Capsule Shanghai is delighted to present artist Cai Zebin’s second solo exhibition, “A Revisit at 2 bis rue Perrel” at the gallery. Consisting of the artist's most recent paintings, small drawings, and installations, that extend from the artist’s continuous fascination with the relationship between the symbolic, the imaginary, and the real in creativity.
The title of this exhibition, “A Revisit at 2 bis rue Perrel” draws from Victor Brauner’s (1903-1966) eponymous painting whose work paid tribute to Henri Rousseau while living in his former residence. In Brauner’s painting, not only do we find the artist’s appropriation of Rousseau’s famous work, The Snake Charmer (1907), but also a surrealist icon of many limbs that be known as uniquely his. Hence, Cai’s adoption of this title demonstrates the artist’s intention to reveal the genealogy of images and visual resources that inform his practice, as well as asserting his position to this approach for creativity. “How does a work of art come into being?” – a question driving Cai’s painting practice as much as the viewer standing in front of his works of art.

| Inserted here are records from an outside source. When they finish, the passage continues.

lemma lower_triangular_right_inverse:
  fixes L K :: "'a::field mat"
  assumes L: "L \<in> carrier_mat n n" and K: "K \<in> carrier_mat n n"
    and lower: "\<And>i j. i < j \<Longrightarrow> j < n \<Longrightarrow> L $$ (i,j) = 0"
    and diag: "\<And>i. i < n \<Longrightarrow> L $$ (i,i) \<noteq> 0"
    and inv: "L * K = 1\<^sub>m n"
  shows "\<And>i j. i < j \<Longrightarrow> j < n \<Longrightarrow> K $$ (i,j) = 0"
    and "\<And>i. i < n \<Longrightarrow> K $$ (i,i) = 1 / L $$ (i,i)"
proof -
  note entry = lower_triangular_mult_entry[OF L K lower]
  show upper: "K $$ (i,j) = 0" if "i < j" "j < n" for i j
    using that
  proof (induction i rule: less_induct)
    case (less i)
    have "(\<Sum>k<i. L $$ (i,k) * K $$ (k,j)) = 0"
      using less by (intro sum.neutral) auto
    moreover have "(L * K) $$ (i,j) = 0" using inv less.prems by simp
    ultimately show ?case using entry[of i j] diag[of i] less.prems by simp
  qed
  show "K $$ (i,i) = 1 / L $$ (i,i)" if i: "i < n" for i
  proof -
    have "(\<Sum>k<i. L $$ (i,k) * K $$ (k,i)) = 0"
      using upper i by (intro sum.neutral) auto
    moreover have "(L * K) $$ (i,i) = 1" using inv i by simp
    ultimately show ?thesis using entry[of i i] diag[OF i] i by (simp add: field_simps)
  qed
qed

lemma lower_triangular_mat_right_inverse:
  fixes L K :: "real mat"
  assumes L: "L \<in> carrier_mat n n" and K: "K \<in> carrier_mat n n"
    and lower: "lower_triangular_mat L" and diag: "\<And>i. i < n \<Longrightarrow> 0 < L $$ (i,i)"
    and inv: "L * K = 1\<^sub>m n"
  shows "lower_triangular_mat K \<and> (\<forall>i<n. 0 < K $$ (i,i))"
proof -
  have "\<And>i j. i < j \<Longrightarrow> j < n \<Longrightarrow> L $$ (i,j) = 0"
    using lower L unfolding lower_triangular_mat_def by auto
  note K_entries = lower_triangular_right_inverse[OF L K this _ inv]
  show ?thesis
    using K K_entries diag unfolding lower_triangular_mat_def
    by (auto simp: less_imp_neq[symmetric])
qed

lemma det_nonzero_imp_inverse:
  fixes A :: "'a::field mat"
  assumes "A \<in> carrier_mat n n" "det A \<noteq> 0"
  shows "\<exists>B\<in>carrier_mat n n. A * B = 1\<^sub>m n \<and> B * A = 1\<^sub>m n"
  using det_non_zero_imp_unit[OF assms, of "()"] by (auto simp: Units_def ring_mat_def)

lemma det_nonzero_imp_invertible_mat:
  fixes A :: "'a::field mat"
  assumes "A \<in> carrier_mat n n" "det A \<noteq> 0"
  shows "invertible_mat A"
  using det_nonzero_imp_inverse[OF assms] assms(1)
  unfolding invertible_mat_def inverts_mat_def by auto

lemma A_mat_carrier [simp]: "A_mat n \<gamma> s t \<in> carrier_mat (Suc n) (Suc n)"
  by (simp add: A_mat_def)
lemma multiset_split_filter: "A = filter_mset (\<lambda>t. \<not> P t) A + filter_mset P A"
  using multiset_partition[of A P] by (simp add: add.commute)

definition view_D_to_C :: "'s tview \<Rightarrow> 's tview option" where
  "view_D_to_C v = (case v of GvOpen s i \<Rightarrow> Some (GvOpen s i) | _ \<Rightarrow> None)"

lemma switch_D_C:
  assumes "phase_equiv D T T'"
  shows "\<exists>T''. mtaus (add_mset [D] T') (add_mset [D] T'') \<and> phase_equiv D T T'' \<and> phase_equiv C T T''"
proof -
  let ?P = "\<lambda>t. view_D t = None"
  let ?T'' = "filter_mset (\<lambda>t. \<not> ?P t) T' + filter_mset ?P T"
  have o: "shapes D T" "shapes D T'" and a: "views view_D T = views view_D T'" using assms unfolding phase_equiv_def by auto
  have 1: "mtaus (add_mset [D] T') (add_mset [D] (filter_mset (\<lambda>t. \<not> ?P t) T'))"
    using vanish_filtered[of D ?P T' "[D]", OF _ o(2)] vanish_D multiset_split_filter[of T' ?P] by simp
  have "\<forall>t\<in>#filter_mset ?P T. t \<noteq> [] \<and> (\<exists>g. cstep D Tau {#[D], [g]#} \<and> ttaus [g] t)"
    using o(1) spawn_D shape_of_nonempty[of D] unfolding shapes_def by (auto simp: cstep_D)
  from spawn_many[OF this] have 2: "mtaus (add_mset [D] (filter_mset (\<lambda>t. \<not> ?P t) T')) (add_mset [D] ?T'')" .
  have okT'': "shapes D ?T''" using o by (auto simp: shapes_def)
  have "views view_D ?T'' = views view_D T'" using views_filter_some[of view_D T'] views_filter_none[of view_D T] by simp
  then have p1: "phase_equiv D T ?T''" using o okT'' a unfolding phase_equiv_def by simp
  have bind: "\<forall>t\<in>#filter_mset (\<lambda>t. \<not> ?P t) X. view_C t = Option.bind (view_D t) view_D_to_C" if "shapes D X" for X
  proof
    fix t assume "t \<in># filter_mset (\<lambda>t. \<not> ?P t) X"
    then have "shape_D t" "view_D t \<noteq> None" using that unfolding shapes_def by auto
    then show "view_C t = Option.bind (view_D t) view_D_to_C"
      by (cases rule: shape_D_cases) (auto simp: view_D_def view_C_def view_D_to_C_def dest: pure_D_view_D)
  qed
  have e1: "views view_C (filter_mset (\<lambda>t. \<not> ?P t) T') = views view_C (filter_mset (\<lambda>t. \<not> ?P t) T)"
    using views_bind[OF bind[OF o(2)]] views_bind[OF bind[OF o(1)]] views_filter_some[of view_D T] views_filter_some[of view_D T'] a
    by simp
  have "views view_C T = views view_C (filter_mset (\<lambda>t. \<not> ?P t) T) + views view_C (filter_mset ?P T)"
    using multiset_split_filter[of T ?P] by (metis views_plus)
  then have "views view_C ?T'' = views view_C T" using e1 by simp
  moreover have "shapes C T" "shapes C ?T''" using o okT'' shape_D_shape_C unfolding shapes_def by auto
  ultimately have p2: "phase_equiv C T ?T''" unfolding phase_equiv_def by simp
  show ?thesis using 1 2 p1 p2 by (meson rtranclp_trans)
qed

text \<open>An invisible \<open>Gv\<close>-thread of phase \<open>C\<close> is realized, so it is regenerated, with the same
  string and indices, as the \<open>Gv\<close>-thread of the \<open>V\<close>-constants of its indices; this matters because
  phases \<open>I\<close> and \<open>S\<close> observe string and indices separately.\<close>

definition reset_Gv :: "'s const list \<Rightarrow> 's const list" where
  "reset_Gv t = (case t of Gv # g \<Rightarrow> Gv # map V (idxs g) | _ \<Rightarrow> t)"

definition view_C_to_I :: "'s tview \<Rightarrow> 's tview option" where
  "view_C_to_I v = (case v of Rigid x \<Rightarrow> Some (Rigid x) | GvOpen s i \<Rightarrow> Some (GvOpen s []) | ZOpen s i \<Rightarrow> Some (ZOpen s []) | _ \<Rightarrow> None)"
definition view_C_to_S :: "'s tview \<Rightarrow> 's tview option" where
  "view_C_to_S v = (case v of Rigid x \<Rightarrow> Some (Rigid x) | GvOpen s i \<Rightarrow> Some (GvOpen [] i) | ZOpen s i \<Rightarrow> Some (ZOpen [] i) | _ \<Rightarrow> None)"
lemma alt_zeta_2_mult_alt_zeta_3:
  "alt_zeta 2 * alt_zeta 3 =
     double_sum (\<lambda>m. (-1) ^ m / real m ^ 2) (\<lambda>n. (-1) ^ n / real n ^ 3)
     + double_sum (\<lambda>m. (-1) ^ m / real m ^ 3) (\<lambda>n. (-1) ^ n / real n ^ 2) + zeta_nat 5"
proof -
  have "((\<lambda>n. (-1) ^ n / real n ^ 2 * ((-1) ^ n / real n ^ 3)) has_sum zeta_nat 5) {1..}"
    using zeta_nat_has_sum[of 5] by (simp flip: power_add)
  then have "(\<Sum>\<^sub>\<infinity>n\<in>{1..}. (-1) ^ n / real n ^ 2 * ((-1) ^ n / real n ^ 3)) = zeta_nat 5"
    by (rule infsumI)
  moreover have "alt_zeta 2 * alt_zeta 3 =
      double_sum (\<lambda>m. (-1) ^ m / real m ^ 2) (\<lambda>n. (-1) ^ n / real n ^ 3)
      + double_sum (\<lambda>m. (-1) ^ m / real m ^ 3) (\<lambda>n. (-1) ^ n / real n ^ 2)
      + (\<Sum>\<^sub>\<infinity>n\<in>{1..}. (-1) ^ n / real n ^ 2 * ((-1) ^ n / real n ^ 3))"
    by (intro double_sum_stuffle alt_zeta_has_sum) auto
  ultimately show ?thesis by simp
qed
lemma L1_dist_pmix_discrete_mix_le:
  fixes F :: "real measure" and A :: "nat \<Rightarrow> real set" and w z :: "nat \<Rightarrow> real"
  assumes "0 < \<theta>" and "prob_space F" and F_sets: "sets F = sets borel" and "AE t in F. 0 < t"
    and A_meas: "\<And>j. j \<le> N \<Longrightarrow> A j \<in> sets borel" and "disjoint_family_on A {0..N}"
    and "(\<Union>j\<in>{0..N}. A j) = {0<..}"
    and "\<And>j. j \<in> {1..N} \<Longrightarrow> 0 \<le> w j" and z_pos: "\<And>j. j \<in> {1..N} \<Longrightarrow> 0 < z j"
  shows "L1_dist (pmix \<theta> F) (pmix \<theta> (discrete_mix N w z))
    \<le> (\<integral>\<^sup>+t. \<integral>\<^sup>+q. indicator ({0<..} \<times> {0<..}) q * cell_defect \<theta> N A z q t \<partial>lborel \<partial>F)
      + ennreal (\<Sum>j\<in>{1..N}. \<bar>measure F (A j) - w j\<bar>)"
proof -
  interpret F: prob_space F by fact
  interpret pair_sigma_finite "lborel :: (real \<times> real) measure" F
    by (intro pair_sigma_finite.intro sigma_finite_lborel F.sigma_finite_measure_axioms)
  define S :: "(real \<times> real) set" where "S = {0<..} \<times> {0<..}"
  let ?\<Phi> = "cell_defect \<theta> N A z"
  let ?d = "\<lambda>j. ennreal \<bar>measure F (A j) - w j\<bar>"
  have density_meas: "(\<lambda>q. indicator S q * ennreal (cond_density \<theta> s (fst q) (snd q))) \<in> borel_measurable lborel"
    for s
    unfolding S_def cond_density_def lborel_prod[symmetric] by measurable
  have \<Phi>_meas: "(\<lambda>(q, t). indicator S q * ?\<Phi> q t) \<in> borel_measurable (lborel \<Otimes>\<^sub>M F)"
    using borel_measurable_cell_defect[OF F_sets A_meas] unfolding S_def lborel_prod[symmetric] by measurable
  have "L1_dist (pmix \<theta> F) (pmix \<theta> (discrete_mix N w z))
    = (\<integral>\<^sup>+q. indicator S q * ennreal \<bar>pmix \<theta> F (fst q) (snd q) - pmix \<theta> (discrete_mix N w z) (fst q) (snd q)\<bar> \<partial>lborel)"
    by (simp add: L1_dist_def S_def)
  also have "\<dots> \<le> (\<integral>\<^sup>+q. (\<integral>\<^sup>+t. indicator S q * ?\<Phi> q t \<partial>F)
      + (\<Sum>j\<in>{1..N}. ?d j * (indicator S q * ennreal (cond_density \<theta> (z j) (fst q) (snd q)))) \<partial>lborel)"
    using ennreal_abs_pmix_diff_le[OF assms(1-8)]
    by (intro nn_integral_mono) (auto simp: S_def split: split_indicator)
  also have "\<dots> = (\<integral>\<^sup>+q. \<integral>\<^sup>+t. indicator S q * ?\<Phi> q t \<partial>F \<partial>lborel)
      + (\<Sum>j\<in>{1..N}. ?d j * (\<integral>\<^sup>+q. indicator S q * ennreal (cond_density \<theta> (z j) (fst q) (snd q)) \<partial>lborel))"
    using F.borel_measurable_nn_integral[OF \<Phi>_meas] density_meas
    by (subst nn_integral_add) (auto intro!: borel_measurable_sum simp: nn_integral_sum nn_integral_cmult)
  also have "\<dots> = (\<integral>\<^sup>+t. \<integral>\<^sup>+q. indicator S q * ?\<Phi> q t \<partial>lborel \<partial>F) + (\<Sum>j\<in>{1..N}. ?d j)"
    using Fubini'[OF \<Phi>_meas] nn_integral_cond_density[OF \<open>0 < \<theta>\<close> z_pos] by (simp add: S_def)
  finally show ?thesis
    by (simp add: S_def sum_ennreal)
qed
section \<open>Doubling a code V^\<lambda>\<close>

lemma block_swap_double_Vcode_word:
  assumes "length a = m" "length c = m" "length u = m" "length y = m"
  shows "permute_coords (block_swap m (m + 1)) (4 * m + 3)
      (vadd (a @ b # c) (vadd u y @ [par u \<noteq> \<beta>] @ u) @ [par (a @ b # c)] @ a @ b # c)
    = vadd (vadd c u @ b # c) (vadd (vadd a c) y @ [par (vadd a c)] @ vadd a c)
        @ [par (vadd c u @ b # c) \<noteq> \<beta>] @ vadd c u @ b # c"
proof -
  have "vadd (a @ b # c) (vadd u y @ [par u \<noteq> \<beta>] @ u) @ [par (a @ b # c)] @ a @ b # c
    = vadd a (vadd u y) @ ((b \<noteq> (par u \<noteq> \<beta>)) # vadd c u) @ ([par (a @ b # c)] @ a) @ b # c"
    using assms by simp
  moreover have "permute_coords (block_swap m (m + 1)) (4 * m + 3) \<dots>
    = vadd a (vadd u y) @ ([par (a @ b # c)] @ a) @ ((b \<noteq> (par u \<noteq> \<beta>)) # vadd c u) @ b # c"
    by (rule permute_block_swap) (use assms in simp_all)
  moreover have "vadd (vadd c u) (vadd (vadd a c) y) = vadd a (vadd u y)" "vadd c (vadd a c) = a"
    using assms by (auto intro!: nth_equalityI)
  ultimately show ?thesis
    using assms
    by (cases b; cases \<beta>; cases "par a"; cases "par c"; cases "par u") (simp_all add: par_vadd)
qed

lemma split_middle: "length X = 2 * m + 1 \<Longrightarrow> \<exists>a b c. X = a @ b # c \<and> length a = m \<and> length c = m"
  by (intro exI[of _ "take m X"] exI[of _ "X ! m"] exI[of _ "drop (Suc m) X"])
     (simp add: id_take_nth_drop[symmetric])
(* Let $(H,\partial)$ be a Cartan–Eilenberg system with associated spectral sequence $(E^r,d^r)_{r\ge1}$. Suppose there are integers $a$ and $b$ such that $d^r_s\colon E^r_s\to E^r_{s-r}$ is zero whenever $s-r\le a$ and $s>b$. Then $\ker(\kappa)=0$, where $\kappa\colon\operatorname{colim}_j\lim_iH(i,j)\to\lim_i\operatorname{colim}_jH(i,j)$ is the interchange morphism.
   Context: Let $\mathcal{A}$ be the abelian category of $\mathbb{Z}$-graded modules over a ring $R$. A Cartan–Eilenberg system $(H,\partial)$ consists of objects $H(i,j)\in\mathcal{A}$ for integers $i\le j$, functorial morphisms $\eta\colon H(i,j)\to H(i',j')$ of internal degree $0$ for $i\le i'$, $j\le j'$, and natural morphisms $\partial\colon H(j,k)\to H(i,j)$ of internal degree $-1$ for $i\le j\le k$ (commuting with $\eta$), such that $H(i,j)\xrightarrow{\eta}H(i,k)\xrightarrow{\eta}H(j,k)\xrightarrow{\partial}H(i,j)$ is exact at each vertex. Its spectral sequence: $E^1_s=H(s-1,s)$; for $r\ge1$, $Z^r_s=\ker(\partial\colon E^1_s\to H(s-r,s-1))$, $B^r_s=\operatorname{im}(\partial\colon H(s,s+r-1)\to E^1_s)$, $E^r_s=Z^r_s/B^r_s$, and $d^r_s\colon E^r_s\to E^r_{s-r}$ is $[x]\mapsto[\partial(\tilde x)]$, where $x\in Z^r_s$, $\tilde x\in H(s-r,s)$ with $\eta(\tilde x)=x$, and $\partial\colon H(s-r,s)\to H(s-r-1,s-r)=E^1_{s-r}$. Limits over $i$ are along $\eta\colon H(i-1,j)\to H(i,j)$ as $i\to-\infty$, colimits over $j$ along $\eta\colon H(i,j)\to H(i,j+1)$. The interchange morphism $\kappa$ is the canonical morphism whose restriction to $\lim_iH(i,j)$ followed by projection to $\operatorname{colim}_jH(i,j)$ is $\lim_iH(i,j)\to H(i,j)\to\operatorname{colim}_jH(i,j)$. *)

theory Defs
  imports Main
begin

text \<open>A Z-graded R-module M is modelled as a family of submodules M n (n the internal
degree) of an ambient left R-module 'a (scalar action sc). A morphism of internal degree d
is a family of R-linear maps f n : M n -> N (n + d).\<close>

definition is_lmodule :: "('r::ring_1 \<Rightarrow> 'a::ab_group_add \<Rightarrow> 'a) \<Rightarrow> bool" where
  "is_lmodule sc \<equiv>
     (\<forall>c x y. sc c (x + y) = sc c x + sc c y) \<and>
     (\<forall>c d x. sc (c + d) x = sc c x + sc d x) \<and>
     (\<forall>c d x. sc (c * d) x = sc c (sc d x)) \<and>
     (\<forall>x. sc 1 x = x)"

definition submodule :: "('r::ring_1 \<Rightarrow> 'a::ab_group_add \<Rightarrow> 'a) \<Rightarrow> 'a set \<Rightarrow> bool" where
  "submodule sc M \<equiv> 0 \<in> M \<and> (\<forall>x\<in>M. \<forall>y\<in>M. x + y \<in> M) \<and> (\<forall>x\<in>M. - x \<in> M)
     \<and> (\<forall>c. \<forall>x\<in>M. sc c x \<in> M)"

definition linmap :: "('r::ring_1 \<Rightarrow> 'a::ab_group_add \<Rightarrow> 'a) \<Rightarrow> 'a set \<Rightarrow> 'a set \<Rightarrow> ('a \<Rightarrow> 'a) \<Rightarrow> bool" where
  "linmap sc M N f \<equiv> (\<forall>x\<in>M. f x \<in> N) \<and> (\<forall>x\<in>M. \<forall>y\<in>M. f (x + y) = f x + f y)
     \<and> (\<forall>c. \<forall>x\<in>M. f (sc c x) = sc c (f x))"

definition exact_at :: "'a set \<Rightarrow> 'a set \<Rightarrow> 'a set \<Rightarrow> ('a \<Rightarrow> 'a) \<Rightarrow> ('a \<Rightarrow> 'a::zero) \<Rightarrow> bool" where
  "exact_at A B C f g \<equiv> {y \<in> B. g y = 0} = f ` A"
(* Let $d\ge3$ and $\lambda\in\mathbb{R}$ be fixed, $p=(1+\lambda n^{-1/3})/(d-1)$, $dn$ even, and $A=A(n)=O(n^{1/6})$. Let $T'=\lceil n^{2/3}/A\rceil$, $T=(d-1)T'$, $L=\lfloor dn/(4T)\rfloor$, and for $B>0$ let $\mathcal{G}_{2L-1}=\{t_{2L-1}\le BLT^{1/2}\}$, where $(t_i)$ are the excursion end times of the stub exploration process described in the context. There exist constants $B_0=B_0(d)>0$ and $A_0=A_0(\lambda,d)>0$ such that for any $A\ge A_0$, $B\ge B_0$ and all sufficiently large $n$, \[\mathbb{P}(\mathcal{G}_{2L-1}^c)\le\exp(-cA^{3/2})\] for some constant $c=c(B)>0$.
   Context: Consider $dn$ stubs $(v,i)$, $v\in[n]$, $i\in[d]$; for a stub $h$ let $v(h)$ be its vertex and $\mathcal{S}(h)=\{(v(h),i):i\in[d]\}$. The following process simultaneously builds a uniformly random $d$-regular multigraph by the configuration model (uniform pairing of stubs) and performs independent $p$-bond percolation on it. Stubs are active, unseen or explored; $\mathcal{A}_t,\mathcal{U}_t,\mathcal{E}_t$ denote these sets after step $t$. Initially pick a uniform random vertex $V_n$; its $d$ stubs are active, all others unseen, $\mathcal{E}_0=\emptyset$. At step $t\ge1$: (a) if $|\mathcal{A}_{t-1}|\ge1$, choose (arbitrarily) an active stub $e_t$ and pair it with a stub $h_t$ chosen uniformly from all stubs not in $\mathcal{E}_{t-1}\cup\{e_t\}$; the edge $e_th_t$ is retained independently with probability $p$ (event $R_t$). (a.1) If $h_t\in\mathcal{U}_{t-1}$ and $R_t$ occurs: $\mathcal{A}_t=(\mathcal{A}_{t-1}\setminus\{e_t\})\cup(\mathcal{U}_{t-1}\cap\mathcal{S}(h_t)\setminus\{h_t\})$, $\mathcal{U}_t=\mathcal{U}_{t-1}\setminus\mathcal{S}(h_t)$, $\mathcal{E}_t=\mathcal{E}_{t-1}\cup\{e_t,h_t\}$. (a.2) If $h_t\in\mathcal{U}_{t-1}$ and $R_t$ fails: $\mathcal{A}_t=\mathcal{A}_{t-1}\setminus\{e_t\}$, $\mathcal{U}_t=\mathcal{U}_{t-1}\setminus\{h_t\}$, $\mathcal{E}_t=\mathcal{E}_{t-1}\cup\{e_t,h_t\}$. (a.3) If $h_t\in\mathcal{A}_{t-1}$: $\mathcal{A}_t=\mathcal{A}_{t-1}\setminus\{e_t,h_t\}$, $\mathcal{U}_t=\mathcal{U}_{t-1}$, $\mathcal{E}_t=\mathcal{E}_{t-1}\cup\{e_t,h_t\}$. (b) If $|\mathcal{A}_{t-1}|=0$ and $|\mathcal{U}_{t-1}|\ge1$, pick (arbitrarily) an unseen stub $e_t$, declare active all unseen stubs of $\mathcal{S}(e_t)$, and proceed as in (a) with this $e_t$. (c) If both are empty, stop (after $dn/2$ steps). Let $Y_t=|\mathcal{A}_t|$, $t_0=0$, $t_i=\min\{t\ge t_{i-1}+1:Y_t=0\}$. The probability refers to this process (i.e. to percolation on the configuration-model multigraph). *)

theory Defs
  imports "HOL-Probability.Probability" "HOL-Library.Landau_Symbols"
begin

To resonate with the intent Cai Zebin has laid out in the exhibition’s title, Revisit (2019), one of the large-dimensional paintings in this exhibition, conjures many visual elements that complicate our possible interpretation of this work on canvas. The three central figures draped in black from head to toe, each holding a red ball in one hand while having their mouths wide open. To those viewers who are informed in visual culture, these three figures have been iconic over the centuries. They may immediately recall many classics in art history ranging from Antonio Canova’s Neo-Classical sculpture, The Three Graces, to Sandro Botticelli’s Primavera, to Raphael’s Three Graces from the Renaissance, to even Andre Derain’s The Dancer in the post-impressionist period. At the same time, what's once depicted as nudes throughout the history of art is now draped in black latex wetsuit, what conveyed peace and serenity is now replaced with a sense of awe. As the disco lights in red beaming at them from all directions, the stage on which they stand begins to resemble a scene in Andrzej Zulawski’s film, My Nights Are More Beautiful Than Your Days (1989). Furthermore, the area off stage and the high-rises on the back seem like two different spatial dimensions. What do each and the sum of the visual cues suggest and how should one understand a painting as such become the questions Cai Zebin presents to the viewer.
In fact, this approach to painting is very much in line with the central piece Invitation to a Beheading presented in his previous exhibition at the gallery. Cai appropriated Theodor Gericault’s masterpiece, The Raft of the Medusa (1818-1819), by adopting a literary device, the narrative of Vladimir Nabokov’s novel The Defense. For this exhibition, however, the scope of the artist’s visual resources expands to include a broader spectrum of visual culture, ranging from the classical paintings to pop cultural icons of the present. Furthering what Henri Rousseau stated in the early 20th Century on taking nature as his realm of inspiration. For Cai Zebin, "Imagination is the sum of all my visual experiences from reality” written on a small painting among the many revealed to his viewers. This statement is also considered a prism to the condition of artistic practice today. How does one translate and transfigure all of these visual resources available on to the canvas?
In one of the exhibition spaces, Cai Zebin lays out many of the small drawings he had done in the course of creating the large-dimensional pieces for this exhibition. They comprise of head-portraits of Henri Rousseau, the "premature" drawings of Three Graces, the flute player in black in Henri Rousseau’s The Snake Charmer (1879), biblical icons of the serpent and the apple, snow white and the witch tempting her with the poisonous apple and etc. It is their metamorphosis that sheds light on the mind of the artist. Of course, each visual cue embedded with many layers of meanings, as well as their evolution from the context in which they first emerged, influences how we perceive them today. Hence, their coming together on canvas opens up the potential for their reception now. Moreover, the palette-shape mirror, the most subtle yet pivotal device in this exhibition, not only references to the one in Henri Rousseau holds in his self-portrait in front of the Eiffel Tower but also projects what Jacque Lacan defines the functions of the mirror for bringing together the real, the symbolic and the imaginary. In other words, our reflection in the mirror, as artist and viewer, continues to relay as we explore the evolution of creativity with the understanding of the context in which we inhabit.